Task description
Going line by line through the data below, report how many lines include the word "else", with nothing added.

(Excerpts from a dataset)
↓↓↓

(* Let $G = K_m \otimes K_n$ with $m \geq 3$ and $n \geq 2m-1$. Then $\dim(G) = n-1$.
   Context: $K_r$ is the complete graph on $r$ vertices. The tensor product $G\otimes H$ has vertex set $V(G)\times V(H)$, with $(u,v)$ adjacent to $(x,y)$ iff $ux\in E(G)$ and $vy\in E(H)$. For a connected graph and an ordered set $W=\{w_1,\dots,w_k\}$ of vertices, $r(v\mid W)=(d(v,w_1),\dots,d(v,w_k))$; $W$ is resolving if distinct vertices have distinct representations; $\dim(G)$ is the minimum size of a resolving set. *)

theory Defs
  imports Main
begin

definition is_walk :: "'a set \<Rightarrow> ('a \<Rightarrow> 'a \<Rightarrow> bool) \<Rightarrow> 'a list \<Rightarrow> bool" where
  "is_walk V E p \<longleftrightarrow> p \<noteq> [] \<and> set p \<subseteq> V \<and> (\<forall>i. Suc i < length p \<longrightarrow> E (p ! i) (p ! Suc i))"

definition walk_betw :: "'a set \<Rightarrow> ('a \<Rightarrow> 'a \<Rightarrow> bool) \<Rightarrow> 'a \<Rightarrow> 'a \<Rightarrow> 'a list \<Rightarrow> bool" where
  "walk_betw V E u v p \<longleftrightarrow> is_walk V E p \<and> hd p = u \<and> last p = v"

definition connected_graph :: "'a set \<Rightarrow> ('a \<Rightarrow> 'a \<Rightarrow> bool) \<Rightarrow> bool" where
  "connected_graph V E \<longleftrightarrow> V \<noteq> {} \<and> (\<forall>u\<in>V. \<forall>v\<in>V. \<exists>p. walk_betw V E u v p)"

(* distance = number of edges of a shortest walk (meaningful in connected graphs) *)
definition gdist :: "'a set \<Rightarrow> ('a \<Rightarrow> 'a \<Rightarrow> bool) \<Rightarrow> 'a \<Rightarrow> 'a \<Rightarrow> nat" where
  "gdist V E u v = (LEAST k. \<exists>p. walk_betw V E u v p \<and> length p = Suc k)"

definition resolving :: "'a set \<Rightarrow> ('a \<Rightarrow> 'a \<Rightarrow> bool) \<Rightarrow> 'a set \<Rightarrow> bool" where
  "resolving V E W \<longleftrightarrow> W \<subseteq> V \<and>
     (\<forall>x\<in>V. \<forall>y\<in>V. x \<noteq> y \<longrightarrow> (\<exists>w\<in>W. gdist V E x w \<noteq> gdist V E y w))"

definition metric_dim :: "'a set \<Rightarrow> ('a \<Rightarrow> 'a \<Rightarrow> bool) \<Rightarrow> nat" where
  "metric_dim V E = (LEAST k. \<exists>W. resolving V E W \<and> card W = k)"

definition K_verts :: "nat \<Rightarrow> nat set" where "K_verts r = {0..<r}"
definition K_adj :: "nat \<Rightarrow> nat \<Rightarrow> bool" where "K_adj x y \<longleftrightarrow> x \<noteq> y"

definition tensor_verts :: "'a set \<Rightarrow> 'b set \<Rightarrow> ('a \<times> 'b) set" where
  "tensor_verts V1 V2 = V1 \<times> V2"
definition tensor_adj :: "('a \<Rightarrow> 'a \<Rightarrow> bool) \<Rightarrow> ('b \<Rightarrow> 'b \<Rightarrow> bool) \<Rightarrow> ('a \<times> 'b) \<Rightarrow> ('a \<times> 'b) \<Rightarrow> bool" where
  "tensor_adj E1 E2 p q \<longleftrightarrow> E1 (fst p) (fst q) \<and> E2 (snd p) (snd q)"

end

theory Submission
  imports Defs
begin

text \<open>For \<open>m, n \<ge> 3\<close>, two distinct vertices of \<open>K\<^sub>m \<otimes> K\<^sub>n\<close> are at distance 1 if they
  differ in both coordinates and at distance 2 otherwise, so a landmark \<open>w\<close> only detects whether
  a vertex shares its row or its column.  Two vertices of one row whose columns both avoid the
  landmarks are therefore indistinguishable: a resolving set meets all but at most one column
  and has at least \<open>n - 1\<close> elements.  Conversely, one landmark in each of the first \<open>n - 1\<close>
  columns, arranged so that each of the first \<open>m - 1\<close> rows holds two of them (possible since
  \<open>n - 1 \<ge> 2(m - 1)\<close>), resolves the graph.\<close>

lemma walk_betw_length_1: "walk_betw V E u v p \<Longrightarrow> length p = 1 \<Longrightarrow> u = v"
  unfolding walk_betw_def by (cases p) auto

lemma walk_betw_length_2: "walk_betw V E u v p \<Longrightarrow> length p = 2 \<Longrightarrow> E u v"
proof -
  assume walk: "walk_betw V E u v p" and "length p = 2"
  then obtain x y where "p = [x, y]"
    by (auto simp: numeral_2_eq_2 length_Suc_conv)
  with walk show ?thesis
    unfolding walk_betw_def is_walk_def by force
qed

lemma gdist_diameter_2:
  assumes "u \<in> V" "v \<in> V"
    and common_neighbour: "u \<noteq> v \<Longrightarrow> \<not> E u v \<Longrightarrow> \<exists>c\<in>V. E u c \<and> E c v"
  shows "gdist V E u v = (if u = v then 0 else if E u v then 1 else 2)"
  unfolding gdist_def
proof (rule Least_equality)
  show "\<exists>p. walk_betw V E u v p \<and> length p = Suc (if u = v then 0 else if E u v then 1 else 2)"
  proof (cases "u = v \<or> E u v")
    case True
    with assms show ?thesis
      by (intro exI[of _ "if u = v then [u] else [u, v]"])
        (auto simp: walk_betw_def is_walk_def nth_Cons split: nat.splits)
  next
    case False
    then obtain c where "c \<in> V" "E u c" "E c v"
      using common_neighbour by blast
    with False assms show ?thesis
      by (intro exI[of _ "[u, c, v]"])
        (auto simp: walk_betw_def is_walk_def nth_Cons split: nat.splits)
  qed
next
  fix k assume "\<exists>p. walk_betw V E u v p \<and> length p = Suc k"
  then obtain p where walk: "walk_betw V E u v p" and length: "length p = Suc k" by blast
  have "u = v" if "k = 0"
    using walk_betw_length_1[OF walk] length that by simp
  moreover have "E u v" if "k = 1"
    using walk_betw_length_2[OF walk] length that by simp
  ultimately show "(if u = v then 0 else if E u v then 1 else 2) \<le> k"
    by (cases "k = 0"; cases "k = 1") simp_all
qed

lemma metric_dim_eqI:
  assumes "resolving V E W" "card W = k" "\<And>W'. resolving V E W' \<Longrightarrow> k \<le> card W'"
  shows "metric_dim V E = k"
  unfolding metric_dim_def by (rule Least_equality) (use assms in auto)

lemma ex_less_avoiding_two: "3 \<le> k \<Longrightarrow> \<exists>c::nat. c < k \<and> c \<noteq> a \<and> c \<noteq> b"
proof -
  assume "3 \<le> k"
  moreover have "\<exists>c\<in>{0, 1, 2::nat}. c \<noteq> a \<and> c \<noteq> b" by auto
  ultimately show ?thesis by force
qed

lemma mem_tensor_K_verts: "x \<in> tensor_verts (K_verts m) (K_verts n) \<longleftrightarrow> fst x < m \<and> snd x < n"
  by (cases x) (simp add: tensor_verts_def K_verts_def)

lemma tensor_K_adj_iff: "tensor_adj K_adj K_adj x y \<longleftrightarrow> fst x \<noteq> fst y \<and> snd x \<noteq> snd y"
  by (simp add: tensor_adj_def K_adj_def)

definition tensor_K_dist :: "nat \<times> nat \<Rightarrow> nat \<times> nat \<Rightarrow> nat" where
  "tensor_K_dist x w = (if x = w then 0 else if fst x \<noteq> fst w \<and> snd x \<noteq> snd w then 1 else 2)"

lemma gdist_tensor_K:
  assumes "3 \<le> m" "3 \<le> n"
    and "x \<in> tensor_verts (K_verts m) (K_verts n)" "w \<in> tensor_verts (K_verts m) (K_verts n)"
  shows "gdist (tensor_verts (K_verts m) (K_verts n)) (tensor_adj K_adj K_adj) x w = tensor_K_dist x w"
proof -
  obtain a where "a < m" "a \<noteq> fst x" "a \<noteq> fst w"
    using ex_less_avoiding_two[OF assms(1)] by blast
  moreover obtain b where "b < n" "b \<noteq> snd x" "b \<noteq> snd w"
    using ex_less_avoiding_two[OF assms(2)] by blast
  ultimately have "\<exists>c\<in>tensor_verts (K_verts m) (K_verts n).
      tensor_adj K_adj K_adj x c \<and> tensor_adj K_adj K_adj c w"
    by (intro bexI[of _ "(a, b)"]) (auto simp: mem_tensor_K_verts tensor_K_adj_iff)
  then show ?thesis
    using gdist_diameter_2[OF assms(3,4)] by (simp add: tensor_K_adj_iff tensor_K_dist_def)
qed

lemma resolving_tensor_K_card_ge:
  assumes "3 \<le> m" "3 \<le> n"
    and res: "resolving (tensor_verts (K_verts m) (K_verts n)) (tensor_adj K_adj K_adj) W"
  shows "n - 1 \<le> card W"
proof -
  let ?V = "tensor_verts (K_verts m) (K_verts n)"
  have W_sub: "W \<subseteq> ?V"
    using res by (simp add: resolving_def)
  then have "finite W"
    by (rule finite_subset) (simp add: tensor_verts_def K_verts_def)
  have free_column_unique: "b = b'"
    if "b \<in> {..<n} - snd ` W" "b' \<in> {..<n} - snd ` W" for b b'
  proof (rule ccontr)
    assume "b \<noteq> b'"
    have in_V: "(0, b) \<in> ?V" "(0, b') \<in> ?V"
      using that assms(1) by (auto simp: mem_tensor_K_verts)
    then obtain w where "w \<in> W" and
      differ: "gdist ?V (tensor_adj K_adj K_adj) (0, b) w \<noteq> gdist ?V (tensor_adj K_adj K_adj) (0, b') w"
      using res \<open>b \<noteq> b'\<close> unfolding resolving_def by blast
    have "w \<in> ?V"
      using W_sub \<open>w \<in> W\<close> by blast
    moreover have "snd w \<noteq> b" "snd w \<noteq> b'"
      using that \<open>w \<in> W\<close> by force+
    ultimately show False
      using differ by (simp add: gdist_tensor_K[OF assms(1,2)] in_V tensor_K_dist_def prod_eq_iff)
  qed
  have "n - card (snd ` W) \<le> card ({..<n} - snd ` W)"
    using diff_card_le_card_Diff[of "snd ` W" "{..<n}"] \<open>finite W\<close> by simp
  moreover have "card (snd ` W) \<le> card W"
    using \<open>finite W\<close> by (rule card_image_le)
  ultimately show ?thesis
    using free_column_unique card_le_Suc0_iff_eq[of "{..<n} - snd ` W"] by simp
qed

definition staircase_set :: "nat \<Rightarrow> nat \<Rightarrow> (nat \<times> nat) set" where
  "staircase_set m n = (\<lambda>j. (min (j div 2) (m - 1), j)) ` {..<n - 1}"

lemma mem_staircase_set: "(a, j) \<in> staircase_set m n \<longleftrightarrow> j < n - 1 \<and> a = min (j div 2) (m - 1)"
  unfolding staircase_set_def by auto

lemma card_staircase_set: "card (staircase_set m n) = n - 1"
  unfolding staircase_set_def by (subst card_image) (auto simp: inj_on_def)

lemma staircase_set_two_per_row:
  assumes "2 * m - 1 \<le> n" "r < m - 1"
  shows "\<exists>j. j \<noteq> c \<and> (r, j) \<in> staircase_set m n"
proof -
  have "(r, 2 * r) \<in> staircase_set m n" "(r, 2 * r + 1) \<in> staircase_set m n"
    using assms by (auto simp: mem_staircase_set)
  then show ?thesis
    by (metis n_not_Suc_n Suc_eq_plus1)
qed

lemma staircase_set_separates:
  assumes "2 * m - 1 \<le> n"
    and V: "x \<in> tensor_verts (K_verts m) (K_verts n)" "y \<in> tensor_verts (K_verts m) (K_verts n)"
    and "x \<noteq> y"
  shows "\<exists>w\<in>staircase_set m n. tensor_K_dist x w \<noteq> tensor_K_dist y w"
proof -
  let ?W = "staircase_set m n"
  have same_row: "\<exists>w\<in>?W. tensor_K_dist x w \<noteq> tensor_K_dist y w"
    if "x \<notin> ?W" "y \<notin> ?W" "fst x = fst y"
  proof -
    have "snd x \<noteq> snd y"
      using \<open>x \<noteq> y\<close> \<open>fst x = fst y\<close> by (simp add: prod_eq_iff)
    then have "snd x < n - 1 \<or> snd y < n - 1"
      using V by (auto simp: mem_tensor_K_verts)
    then obtain j where "j < n - 1" and j: "j = snd x \<or> j = snd y" by blast
    then have "(min (j div 2) (m - 1), j) \<in> ?W"
      by (simp add: mem_staircase_set)
    with \<open>fst x = fst y\<close> \<open>snd x \<noteq> snd y\<close> j that(1,2) show ?thesis
      by (intro bexI[of _ "(min (j div 2) (m - 1), j)"]) (auto simp: tensor_K_dist_def prod_eq_iff)
  qed
  have different_rows: "\<exists>w\<in>?W. tensor_K_dist x w \<noteq> tensor_K_dist y w"
    if "fst x \<noteq> fst y" "fst x < m - 1" for x y
  proof -
    obtain j where "j \<noteq> snd y" "(fst x, j) \<in> ?W"
      using staircase_set_two_per_row[OF assms(1) \<open>fst x < m - 1\<close>] by blast
    with \<open>fst x \<noteq> fst y\<close> show ?thesis
      by (intro bexI[of _ "(fst x, j)"]) (auto simp: tensor_K_dist_def prod_eq_iff)
  qed
  show ?thesis
  proof (cases "x \<in> ?W \<or> y \<in> ?W")
    case True
    with \<open>x \<noteq> y\<close> show ?thesis by (auto simp: tensor_K_dist_def)
  next
    case False
    have "fst x = fst y \<or> fst x < m - 1 \<or> fst y < m - 1"
      using V by (auto simp: mem_tensor_K_verts)
    then show ?thesis
      using same_row False different_rows[of x y] different_rows[of y x] by metis
  qed
qed

lemma resolving_staircase_set:
  assumes "3 \<le> m" "2 * m - 1 \<le> n"
  shows "resolving (tensor_verts (K_verts m) (K_verts n)) (tensor_adj K_adj K_adj) (staircase_set m n)"
  unfolding resolving_def
proof (intro conjI ballI impI)
  let ?V = "tensor_verts (K_verts m) (K_verts n)" and ?W = "staircase_set m n"
  show W_sub: "?W \<subseteq> ?V"
    using assms by (auto simp: staircase_set_def mem_tensor_K_verts)
  fix x y assume "x \<in> ?V" "y \<in> ?V" "x \<noteq> y"
  then obtain w where "w \<in> ?W" "tensor_K_dist x w \<noteq> tensor_K_dist y w"
    using staircase_set_separates[OF assms(2)] by blast
  moreover have "w \<in> ?V" "3 \<le> n"
    using W_sub \<open>w \<in> ?W\<close> assms by auto
  ultimately show "\<exists>w\<in>?W. gdist ?V (tensor_adj K_adj K_adj) x w \<noteq> gdist ?V (tensor_adj K_adj K_adj) y w"
    using \<open>x \<in> ?V\<close> \<open>y \<in> ?V\<close> by (metis gdist_tensor_K[OF \<open>3 \<le> m\<close>])
qed

theorem proposition3p3:
  fixes m n :: nat
  assumes "m \<ge> 3" and "n \<ge> 2 * m - 1"
  shows "metric_dim (tensor_verts (K_verts m) (K_verts n)) (tensor_adj K_adj K_adj) = n - 1"
proof (rule metric_dim_eqI)
  show "resolving (tensor_verts (K_verts m) (K_verts n)) (tensor_adj K_adj K_adj) (staircase_set m n)"
    using assms by (rule resolving_staircase_set)
  show "card (staircase_set m n) = n - 1"
    by (rule card_staircase_set)
  have "3 \<le> n"
    using assms by linarith
  then show "n - 1 \<le> card W'"
    if "resolving (tensor_verts (K_verts m) (K_verts n)) (tensor_adj K_adj K_adj) W'" for W'
    using resolving_tensor_K_card_ge[OF assms(1)] that by blast
qed

end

↑↑↑

Written answer
5